New Noise Isolating Headphones after a Cracking “Issue”

No Service for You!

Aurvana-Gold-crack CreativeAfter using my Aurvana Gold noise cancelling headphones from Creative Labs (Amazon) for less than a year, one of the earpiece supports started to crack. Perhaps I should have tried to drill a hole in front of it to increase the radius and stop propagation, but I instead opted for epoxy. After it got worse, I realized it was still under warranty, so great nothing to worry about. Unfortunately, when I finally figured out how to contact them, I was informed by what appeared to be a canned email response:

“Please be informed that we are not able to provide the servicing for the headband of the Aurvana Gold headphone because the damage on the headband is not included in the warranty servicing on this product.”

That seems a little crazy, and after my protest, I got a nearly—but strangely not quite—identical message:

“Please be informed that we are not able to provide the servicing for the headband of the Aurvana Gold headphone because the damage part is not included in the warranty servicing on this product.”

I’m not too happy with Creative Labs’ customer servicet, though they did “generously” offer me 10% off a new product. I honestly did like these headphones when intact, but obviously it was time to look at other options.

Noise Isolating – Not Cancelling

I work from home, as a technical writer—or several other titles discussed on my consulting page—and also have a young family that can sometimes often be heard running, screaming, shouting, laughing or other sounds that aren’t conducive to me thinking. Because of this, having a relatively quiet office is a necessity. In fact, I even built the noise barrier seen here on Homes.com.

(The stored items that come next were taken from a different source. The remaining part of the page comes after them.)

(* Let $\gamma\in[0,\infty)$ and let $(\vec p_i(\cdot),q_i(\cdot),\vec r,s)$, $i=0,1$, be proper $m$-admissible quadruples with $\frac1{p_0(\cdot)}-\frac1{q_0(\cdot)}=\frac1{p_1(\cdot)}-\frac1{q_1(\cdot)}=\gamma$, and let $\vec w_0\in\mathcal{A}_{(\vec p_0(\cdot),q_0(\cdot)),(\vec r,s)}$, $\vec w_1\in\mathcal{A}_{(\vec p_1(\cdot),q_1(\cdot)),(\vec r,s)}$. For $\theta\in(0,1)$ define $\frac1{p_j(\cdot)}=\frac{1-\theta}{p_{0,j}(\cdot)}+\frac\theta{p_{1,j}(\cdot)}$, $\frac1{q(\cdot)}=\frac{1-\theta}{q_0(\cdot)}+\frac\theta{q_1(\cdot)}$, $w_j=w_{0,j}^{1-\theta}w_{1,j}^\theta$. Then (1) $(\vec p(\cdot),q(\cdot),\vec r,s)$ is a proper $m$-admissible quadruple with $\frac1{p(\cdot)}-\frac1{q(\cdot)}=\gamma$; (2) $\vec w\in\mathcal{A}_{(\vec p(\cdot),q(\cdot)),(\vec r,s)}$ and $[\vec w]_{\mathcal{A}_{(\vec p(\cdot),q(\cdot)),(\vec r,s)}}\le C[\vec w_0]^{1-\theta}_{\mathcal{A}_{(\vec p_0(\cdot),q_0(\cdot)),(\vec r,s)}}[\vec w_1]^\theta_{\mathcal{A}_{(\vec p_1(\cdot),q_1(\cdot)),(\vec r,s)}}$ with $C$ depending on $\vec p_0,q_0,\vec p_1,q_1,\vec r,s,\theta$.
   Context: All exponents live on $\mathbb{R}^n$. $\mathscr{P}_0$: measurable exponents with $0<p_-\le p_+<\infty$; $\mathrm{LH}$: global log-Hölder class; Luxemburg quasinorms $\|f\|_{p(\cdot)}$. An $m$-admissible quadruple $(\vec p(\cdot),q(\cdot),\vec r,s)$: $\vec r\in(0,\infty)^m$, $s\in(0,\infty]$, $p_j\in\mathscr{P}_0$ with $r_j<(p_j)_-$, $q\in\mathscr{P}_0$ with $q_+<s$, and $\frac1{p}:=\sum_j\frac1{p_j}$ satisfies $\frac1p-\frac1q=\gamma$ for a constant $\gamma\ge0$; $\frac1r=\sum_j\frac1{r_j}$; proper means all $p_j,q\in\mathrm{LH}$. With $\nu_{\vec w}=\prod_jw_j$, $[\vec w]_{\mathcal{A}_{(\vec p(\cdot),q(\cdot)),(\vec r,s)}}=\sup_Q |Q|^{\gamma-(\frac1r-\frac1s)}\|\nu_{\vec w}\chi_Q\|_{1/(\frac1q-\frac1s)}\prod_j\|w_j^{-1}\chi_Q\|_{1/(\frac1{r_j}-\frac1{p_j})}$ over cubes $Q$ ($1/\infty=0$), and $\vec w$ belongs to the class if this is finite. *)

theory Defs
  imports "HOL-Analysis.Analysis"
begin

text \<open>Exponents are real-valued functions on the ambient space 'a (a Euclidean space,
  playing the role of R^n).  Essential infimum / supremum of an exponent w.r.t. Lebesgue measure.\<close>

definition pminus :: "('a::euclidean_space \<Rightarrow> real) \<Rightarrow> real" where
  "pminus p = Sup {c. AE x in lebesgue. c \<le> p x}"

definition pplus :: "('a::euclidean_space \<Rightarrow> real) \<Rightarrow> real" where
  "pplus p = Inf {C. AE x in lebesgue. p x \<le> C}"

definition P0 :: "('a::euclidean_space \<Rightarrow> real) \<Rightarrow> bool" where
  "P0 p \<longleftrightarrow> p \<in> borel_measurable lebesgue
     \<and> (\<exists>C. AE x in lebesgue. p x \<le> C)
     \<and> (\<exists>c>0. AE x in lebesgue. c \<le> p x)
     \<and> 0 < pminus p \<and> pminus p \<le> pplus p"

The barrier and a few other steps do help, but without headphones the noise is just lower, not gone. Also, noise cancellation may work with droning such as from a plane or lawnmower, but for intermittent chaos sounds, it doesn’t do much. Instead I decided to go with a set of headphones meant specifically to block out noise. In fact, what I got are more like safety earmuffs than a music-focused headset (Amazon), and are supposed to knock noise down by an impressive 25 decibels. Also, they cost about $100 less.

Drawbacks

They have a few drawbacks that I initially noticed, including that they are a bit tight on my head, and that the (replaceable) cord is only about 3 feet long. I seriously considered returning them, but after given them a chance, they really do an excellent job of keeping stray noises out of my hearing. A fact that may actually be due in part to them fitting so snugly!

My other initial impression was that the sound coming out of it wasn’t as good as my former headphones. However, the music I listen to is to drown out other sounds, not for my enjoyment necessarily. I don’t know though, it’s really hard for me to judge sound quality, especially now that I’ve used them for a while. Actually, the ear pads are removable, and it appears that each earpiece may be able to be removed…perhaps I could replace the guts of these speakers with the guts of my now crippled Aurvana Gold headphones.

Obviously I can’t be sure of how these will hold up a year from now, but they seem to be constructed quite well. They appear to be well-built, and since they’re meant as safety gear, I’d think they will be pretty sturdy.